- [Stored items]:

*** Begin section ***

lemma Pmax_maximal: "X \<in> Pmax V c M \<Longrightarrow> strong_module V c N \<Longrightarrow> N \<subset> M \<Longrightarrow> X \<subseteq> N \<Longrightarrow> N = X"
  unfolding Pmax_def by blast

lemma Pmax_disjoint:
  assumes X: "X \<in> Pmax V c M" and Y: "Y \<in> Pmax V c M" and "X \<noteq> Y"
  shows "X \<inter> Y = {}"
  using strong_module_nested_or_disjoint[OF PmaxD(1)[OF X] strong_moduleD(1)[OF PmaxD(1)[OF Y]]]
    Pmax_maximal[OF X PmaxD(1)[OF Y] PmaxD(2)[OF Y]] Pmax_maximal[OF Y PmaxD(1)[OF X] PmaxD(2)[OF X]]
    \<open>X \<noteq> Y\<close> by blast

lemma finite_Pmax: "finite V \<Longrightarrow> finite (Pmax V c M)"
  using strong_moduleD(3)[OF PmaxD(1)] by (metis Pow_iff finite_Pow_iff rev_finite_subset subsetI)

lemma Union_Pmax:
  assumes V: "finite V" and M: "M \<subseteq> V" "2 \<le> card M"
  shows "\<Union>(Pmax V c M) = M"
proof
  show "\<Union>(Pmax V c M) \<subseteq> M" using PmaxD(2) by blast
  show "M \<subseteq> \<Union>(Pmax V c M)"
  proof
    fix x assume x: "x \<in> M"
    let ?F = "\<lambda>N. strong_module V c N \<and> N \<subset> M \<and> x \<in> N"
    have fin: "finite M" using V M(1) finite_subset by blast
    have "{x} \<noteq> M" using M(2) by force
    then have "{x} \<subset> M" using x by auto
    moreover have "strong_module V c {x}" using x M(1) by (auto intro: strong_module_singleton)
    ultimately have "?F {x}" by simp
    moreover have "card N < card M + 1" if "?F N" for N
      using card_mono[OF fin psubset_imp_subset, of N] that by simp
    ultimately obtain N where N: "?F N" and max: "\<And>N'. ?F N' \<Longrightarrow> card N' \<le> card N"
      using ex_has_greatest_nat[of ?F "{x}" card "card M + 1"] by blast
    have "N \<in> Pmax V c M"
      unfolding Pmax_def
    proof (intro CollectI conjI allI impI)
      fix N' assume N': "strong_module V c N' \<and> N' \<subset> M \<and> N \<subseteq> N'"
      then have "card N' \<le> card N" using N max by blast
      moreover have "finite N'" using N' fin finite_subset by blast
      ultimately show "N' = N" using card_seteq N' by blast
    qed (use N in blast)+
    then show "x \<in> \<Union>(Pmax V c M)" using N by blast
  qed
qed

*** End section ***

Starting at the line above that contains "fix x assume", write out each line exactly until the line that contains "ultimately obtain N" has been written, and stop there.

    fix x assume x: "x \<in> M"
    let ?F = "\<lambda>N. strong_module V c N \<and> N \<subset> M \<and> x \<in> N"
    have fin: "finite M" using V M(1) finite_subset by blast
    have "{x} \<noteq> M" using M(2) by force
    then have "{x} \<subset> M" using x by auto
    moreover have "strong_module V c {x}" using x M(1) by (auto intro: strong_module_singleton)
    ultimately have "?F {x}" by simp
    moreover have "card N < card M + 1" if "?F N" for N
      using card_mono[OF fin psubset_imp_subset, of N] that by simp
    ultimately obtain N where N: "?F N" and max: "\<And>N'. ?F N' \<Longrightarrow> card N' \<le> card N"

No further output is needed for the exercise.